カラダの健康トピックス

医療
2014/07/18

No.61
アレルギー反応を起こすたんぱく質を解明

ヒスタミン制御タンパク質の特定は世界初

九州大学生体防御医学研究所の福井宣規教授らの研究グループは、アレルギー反応を引き起こす化学物質の放出を制御するタンパク質を世界で初めて突き止めることに成功。

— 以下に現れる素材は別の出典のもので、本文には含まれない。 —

(* Let $X$ be a set and $f=(f_1,\ldots,f_m):X\to\mathbb{R}^m$ a mapping, $M=\{1,\ldots,m\}$. If the free disposal hull $f(X)+\mathbb{R}^m_{\geq0}$ is convex, then the following are equivalent: $(\alpha)$ $\mathrm{WE}(f,X)=\mathrm{E}(f,X)$; $(\beta)$ $\displaystyle\bigcup_{\emptyset\neq I\subseteq M}\mathrm{E}(f_I,X)\subseteq\mathrm{E}(f,X)$.
   Context: Let $M=\{1,\ldots,m\}$. For a nonempty $I\subseteq M$ and $y,y'\in\mathbb{R}^m$: $y\lneq_I y'$ means $y_i\leq y'_i$ for all $i\in I$ and $y_j<y'_j$ for some $j\in I$; $y<_I y'$ means $y_i<y'_i$ for all $i\in I$. For $Y\subseteq\mathbb{R}^m$, $\mathrm{M}_I Y$ (resp. $\mathrm{WM}_I Y$) is the set of all $y'\in Y$ for which there is no $y\in Y$ with $y\lneq_I y'$ (resp. $y<_I y'$). For $f=(f_1,\ldots,f_m):X\to\mathbb{R}^m$ and $I=\{i_1<\cdots<i_k\}$, $f_I=(f_{i_1},\ldots,f_{i_k})$, and $\mathrm{E}(f_I,X)=f^{-1}(\mathrm{M}_I f(X))$ (efficient solutions), $\mathrm{WE}(f_I,X)=f^{-1}(\mathrm{WM}_I f(X))$ (weakly efficient solutions); $\mathrm{E}(f,X)=\mathrm{E}(f_M,X)$, $\mathrm{WE}(f,X)=\mathrm{WE}(f_M,X)$. $\mathbb{R}^m_{\geq0}$ is the nonnegative orthant, and the free disposal hull of $Z\subseteq\mathbb{R}^m$ is $Z+\mathbb{R}^m_{\geq0}$. *)

theory Defs
  imports "HOL-Analysis.Analysis"
begin

text \<open>Vectors in R^m are modelled as real ^ 'm with a finite index type 'm;
  the index set M = {1..m} corresponds to UNIV :: 'm set.\<close>

definition lneq_on :: "'m set \<Rightarrow> real ^ 'm \<Rightarrow> real ^ 'm \<Rightarrow> bool" where
  "lneq_on I y y' \<longleftrightarrow> (\<forall>i\<in>I. y $ i \<le> y' $ i) \<and> (\<exists>j\<in>I. y $ j < y' $ j)"

definition lt_on :: "'m set \<Rightarrow> real ^ 'm \<Rightarrow> real ^ 'm \<Rightarrow> bool" where
  "lt_on I y y' \<longleftrightarrow> (\<forall>i\<in>I. y $ i < y' $ i)"

definition min_set :: "'m set \<Rightarrow> (real ^ 'm) set \<Rightarrow> (real ^ 'm) set" where
  "min_set I Y = {y'\<in>Y. \<not> (\<exists>y\<in>Y. lneq_on I y y')}"

definition wmin_set :: "'m set \<Rightarrow> (real ^ 'm) set \<Rightarrow> (real ^ 'm) set" where
  "wmin_set I Y = {y'\<in>Y. \<not> (\<exists>y\<in>Y. lt_on I y y')}"

definition eff :: "('a \<Rightarrow> real ^ 'm) \<Rightarrow> 'm set \<Rightarrow> 'a set \<Rightarrow> 'a set" where
  "eff f I X = {x\<in>X. f x \<in> min_set I (f ` X)}"

definition weff :: "('a \<Rightarrow> real ^ 'm) \<Rightarrow> 'm set \<Rightarrow> 'a set \<Rightarrow> 'a set" where
  "weff f I X = {x\<in>X. f x \<in> wmin_set I (f ` X)}"

definition nonneg_orthant :: "(real ^ 'm) set" where
  "nonneg_orthant = {d. \<forall>i. 0 \<le> d $ i}"

definition free_disposal_hull :: "(real ^ 'm) set \<Rightarrow> (real ^ 'm) set" where
  "free_disposal_hull Z = {z + d | z d. z \<in> Z \<and> d \<in> nonneg_orthant}"

end

theory Submission
  imports Defs
begin

text \<open>Efficiency with respect to any nonempty I implies weak efficiency, so (\<alpha>) gives (\<beta>).
  Conversely, a weakly efficient value f(x0) has the open orthant strictly below it disjoint
  from the convex free disposal hull of f(X). A separating hyperplane yields a normal
  a \<noteq> 0, nonnegative because the hull is closed upwards, such that x0 minimizes \<langle>a, f x\<rangle>
  over X. Such a minimizer is efficient for f restricted to I = {i. a i > 0}, so (\<beta>)
  forces it to be efficient.\<close>

lemma eff_subset_weff:
  assumes "I \<noteq> {}"
  shows "eff f I X \<subseteq> weff f UNIV X"
proof
  fix x assume x: "x \<in> eff f I X"
  from assms obtain j where "j \<in> I" by blast
  then have "lt_on UNIV y (f x) \<Longrightarrow> lneq_on I y (f x)" for y
    unfolding lt_on_def lneq_on_def by (auto intro: less_imp_le)
  with x show "x \<in> weff f UNIV X"
    unfolding eff_def weff_def min_set_def wmin_set_def by blast
qed

lemma free_disposal_hullI:
  assumes "z \<in> Z" "\<And>i. 0 \<le> d $ i"
  shows "z + d \<in> free_disposal_hull Z"
  using assms unfolding free_disposal_hull_def nonneg_orthant_def by blast

lemma subset_free_disposal_hull: "Z \<subseteq> free_disposal_hull Z"
  using free_disposal_hullI[where d = 0] by fastforce

lemma convex_strict_lower_orthant: "convex {z. lt_on UNIV z y}"
proof -
  have "{z. lt_on UNIV z y} = (\<Inter>i. {z. inner (axis i 1) z < y $ i})"
    unfolding lt_on_def by (auto simp: inner_axis')
  then show ?thesis by (auto intro: convex_INT convex_halfspace_lt)
qed

lemma weff_imp_strict_lower_orthant_disjoint:
  assumes "x\<^sub>0 \<in> weff f UNIV X"
  shows "{z. lt_on UNIV z (f x\<^sub>0)} \<inter> free_disposal_hull (f ` X) = {}"
proof -
  have "\<not> lt_on UNIV (f x + d) (f x\<^sub>0)" if "x \<in> X" "\<forall>i. 0 \<le> d $ i" for x d
  proof
    assume "lt_on UNIV (f x + d) (f x\<^sub>0)"
    with that have "lt_on UNIV (f x) (f x\<^sub>0)"
      unfolding lt_on_def by (smt (verit) vector_add_component)
    with assms \<open>x \<in> X\<close> show False unfolding weff_def wmin_set_def by blast
  qed
  then show ?thesis unfolding free_disposal_hull_def nonneg_orthant_def by blast
qed

lemma nonneg_if_bounded_below_on_ray:
  fixes b c k :: real
  assumes "\<And>t. 0 \<le> t \<Longrightarrow> b \<le> c + t * k"
  shows "0 \<le> k"
proof (rule ccontr)
  assume "\<not> 0 \<le> k"
  have "b \<le> c" using assms[of 0] by simp
  define t where "t = (c - b) / - k + 1"
  have "0 \<le> t" using \<open>b \<le> c\<close> \<open>\<not> 0 \<le> k\<close> by (simp add: t_def divide_nonneg_pos)
  moreover have "c + t * k = b + k" using \<open>\<not> 0 \<le> k\<close> by (simp add: t_def field_simps)
  ultimately show False using assms[of t] \<open>\<not> 0 \<le> k\<close> by linarith
qed

lemma normal_nonneg_if_bounded_below_on_free_disposal_hull:
  assumes "Z \<noteq> {}" "\<forall>w\<in>free_disposal_hull Z. b \<le> inner a w"
  shows "0 \<le> a $ i"
proof -
  from assms(1) obtain z where "z \<in> Z" by blast
  have "b \<le> inner a z + t * a $ i" if "0 \<le> t" for t
  proof -
    have "z + t *\<^sub>R axis i 1 \<in> free_disposal_hull Z"
      using \<open>z \<in> Z\<close> that by (intro free_disposal_hullI) (simp_all add: axis_def)
    with assms(2) show ?thesis by (fastforce simp: inner_add_right inner_axis)
  qed
  then show ?thesis by (rule nonneg_if_bounded_below_on_ray)
qed

lemma inner_le_if_le_on_strict_lower_orthant:
  assumes nonneg: "\<And>i. 0 \<le> a $ i" and le: "\<And>z. lt_on UNIV z y \<Longrightarrow> inner a z \<le> b"
  shows "inner a y \<le> b"
proof (rule field_le_epsilon)
  fix e :: real assume "0 < e"
  define s where "s = inner a 1"
  have "0 \<le> s" unfolding s_def inner_vec_def using nonneg by (simp add: sum_nonneg)
  define t where "t = e / (s + 1)"
  have "0 < t" using \<open>0 < e\<close> \<open>0 \<le> s\<close> by (simp add: t_def)
  have "t * s \<le> e"
    using \<open>0 < e\<close> \<open>0 \<le> s\<close> by (simp add: t_def field_simps)
  have "inner a (y - t *\<^sub>R 1) \<le> b" using \<open>0 < t\<close> by (intro le) (simp add: lt_on_def)
  then have "inner a y - t * s \<le> b" by (simp add: inner_diff_right s_def)
  with \<open>t * s \<le> e\<close> show "inner a y \<le> b + e" by linarith
qed

lemma weff_minimizes_nonneg_functional:
  fixes f :: "'a \<Rightarrow> real ^ 'm"
  assumes cvx: "convex (free_disposal_hull (f ` X))" and x\<^sub>0: "x\<^sub>0 \<in> weff f UNIV X"
  obtains a where "a \<noteq> 0" "\<And>i. 0 \<le> a $ i" "\<And>x. x \<in> X \<Longrightarrow> inner a (f x\<^sub>0) \<le> inner a (f x)"
proof -
  let ?B = "{z. lt_on UNIV z (f x\<^sub>0)}" and ?A = "free_disposal_hull (f ` X)"
  have "f x\<^sub>0 - 1 \<in> ?B" by (simp add: lt_on_def)
  moreover have "f x\<^sub>0 \<in> ?A" "x\<^sub>0 \<in> X"
    using x\<^sub>0 subset_free_disposal_hull unfolding weff_def by blast+
  ultimately obtain a b where "a \<noteq> 0" and B: "\<forall>z\<in>?B. inner a z \<le> b"
    and A: "\<forall>w\<in>?A. b \<le> inner a w"
    using separating_hyperplane_sets[OF convex_strict_lower_orthant cvx _ _
        weff_imp_strict_lower_orthant_disjoint[OF x\<^sub>0]]
    by blast
  have nonneg: "0 \<le> a $ i" for i
    using \<open>x\<^sub>0 \<in> X\<close> by (intro normal_nonneg_if_bounded_below_on_free_disposal_hull[OF _ A]) blast
  have "inner a (f x\<^sub>0) \<le> b"
    by (rule inner_le_if_le_on_strict_lower_orthant[OF nonneg]) (use B in blast)
  have min: "inner a (f x\<^sub>0) \<le> inner a (f x)" if "x \<in> X" for x
  proof -
    have "f x \<in> ?A" using that subset_free_disposal_hull by blast
    with A have "b \<le> inner a (f x)" by blast
    with \<open>inner a (f x\<^sub>0) \<le> b\<close> show ?thesis by linarith
  qed
  show ?thesis by (rule that[OF \<open>a \<noteq> 0\<close> nonneg min])
qed

lemma inner_strict_mono_lneq_on_positive_support:
  assumes nonneg: "\<And>i. 0 \<le> a $ i" and "lneq_on {i. 0 < a $ i} y y'"
  shows "inner a y < inner a y'"
proof -
  have "a $ i * y $ i \<le> a $ i * y' $ i" for i
  proof (cases "0 < a $ i")
    case True with assms(2) show ?thesis unfolding lneq_on_def by (simp add: mult_left_mono)
  next
    case False with nonneg[of i] show ?thesis by simp
  qed
  moreover from assms(2) obtain j where "0 < a $ j" "y $ j < y' $ j"
    unfolding lneq_on_def by blast
  then have "a $ j * y $ j < a $ j * y' $ j" by simp
  ultimately have "(\<Sum>i\<in>UNIV. a $ i * y $ i) < (\<Sum>i\<in>UNIV. a $ i * y' $ i)"
    by (intro sum_strict_mono_ex1) auto
  then show ?thesis by (simp add: inner_vec_def)
qed

lemma minimizer_in_eff_positive_support:
  fixes f :: "'a \<Rightarrow> real ^ 'm"
  assumes nonneg: "\<And>i. 0 \<le> a $ i" and "x\<^sub>0 \<in> X"
    and min: "\<And>x. x \<in> X \<Longrightarrow> inner a (f x\<^sub>0) \<le> inner a (f x)"
  shows "x\<^sub>0 \<in> eff f {i. 0 < a $ i} X"
proof -
  have "\<not> lneq_on {i. 0 < a $ i} (f x) (f x\<^sub>0)" if "x \<in> X" for x
    using inner_strict_mono_lneq_on_positive_support[OF nonneg] min[OF that] by (meson not_less)
  with \<open>x\<^sub>0 \<in> X\<close> show ?thesis unfolding eff_def min_set_def by blast
qed

lemma positive_support_nonempty:
  fixes a :: "real ^ 'm"
  assumes "a \<noteq> 0" "\<And>i. 0 \<le> a $ i"
  shows "{i. 0 < a $ i} \<noteq> {}"
proof -
  from assms(1) obtain i where "a $ i \<noteq> 0" by (auto simp: vec_eq_iff)
  with assms(2)[of i] have "0 < a $ i" by (metis order_le_neq_trans)
  then show ?thesis by blast
qed

lemma weff_subset_Union_eff:
  assumes "convex (free_disposal_hull (f ` X))"
  shows "weff f UNIV X \<subseteq> (\<Union>I\<in>{I. I \<noteq> {}}. eff f I X)"
proof
  fix x\<^sub>0 assume x\<^sub>0: "x\<^sub>0 \<in> weff f UNIV X"
  then have "x\<^sub>0 \<in> X" unfolding weff_def by blast
  obtain a where "a \<noteq> 0" and nonneg: "\<And>i. 0 \<le> a $ i"
    and min: "\<And>x. x \<in> X \<Longrightarrow> inner a (f x\<^sub>0) \<le> inner a (f x)"
    using weff_minimizes_nonneg_functional[OF assms x\<^sub>0] by metis
  have "{i. 0 < a $ i} \<in> {I. I \<noteq> {}}"
    using positive_support_nonempty[OF \<open>a \<noteq> 0\<close> nonneg] by simp
  moreover have "x\<^sub>0 \<in> eff f {i. 0 < a $ i} X"
    using nonneg \<open>x\<^sub>0 \<in> X\<close> min by (rule minimizer_in_eff_positive_support)
  ultimately show "x\<^sub>0 \<in> (\<Union>I\<in>{I. I \<noteq> {}}. eff f I X)" by (rule UN_I)
qed

theorem proposition2p3:
  fixes X :: "'a set" and f :: "'a \<Rightarrow> real ^ 'm"
  assumes "convex (free_disposal_hull (f ` X))"
  shows "weff f UNIV X = eff f UNIV X \<longleftrightarrow>
         (\<Union>I\<in>{I. I \<noteq> {}}. eff f I X) \<subseteq> eff f UNIV X"
proof
  assume "weff f UNIV X = eff f UNIV X"
  then show "(\<Union>I\<in>{I. I \<noteq> {}}. eff f I X) \<subseteq> eff f UNIV X"
    using eff_subset_weff[of _ f X] by (intro UN_least) simp
next
  assume "(\<Union>I\<in>{I. I \<noteq> {}}. eff f I X) \<subseteq> eff f UNIV X"
  with weff_subset_Union_eff[OF assms] have "weff f UNIV X \<subseteq> eff f UNIV X"
    by (rule subset_trans)
  moreover have "eff f UNIV X \<subseteq> weff f UNIV X" by (rule eff_subset_weff) simp
  ultimately show "weff f UNIV X = eff f UNIV X" by (rule subset_antisym)
qed

end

2014年6月9日付け米科学雑誌「Journal of Experimental Medicine」(電子版)に成果が掲載されました。
花粉症、ぜんそく、アトピー性皮膚炎などのアレルギー反応は、白血球の一種であるマスト細胞が、体内に入ってきた花粉などの異物に反応して抗原抗体反応が暴走。ヒスタミンなどの物質を細胞から放出する反応(脱顆粒反応)を起こして、くしゃみ、鼻づまり、咳、かゆみなどの症状を引き起こします。しかし、これまでマスト細胞がアレルギー反応を引き起こすことは知られていましたが、マスト細胞内の詳細なメカニズムは未解明でした。

発症そのものを防ぐ夢の新薬開発に光明

研究グループはマスト細胞内で物質を運ぶ器官(微小管)を制御している「DOCK5」と呼ばれるタンパク質を特定。DOCK5をなくしたマウスを使った実験で、アレルギー反応の過程で微小管の働きが抑えられ、マスト細胞がヒスタミンを放出できなくなることを突き止めました。
現在アレルギー治療にはヒスタミンの働きを抑える抗ヒスタミン剤を使った対症療法が主流ですが、その効果は限定的で根本的な治療法はいまだにないのが現状です。そのため、アレルギー反応を引き起こすマスト細胞内のメカニズムを明らかにすることで、アレルギーを根治する薬剤の開発が待ち望まれていました。
そんな中、今回の研究でマスト細胞内の特定のタンパク質がアレルギー反応を引き起こすヒスタミンの放出に関わっていることが明らかになったことで、このタンパク質の働きを抑えてアレルギー反応を根元から断つことのできる新薬の開発につながるものと期待されています。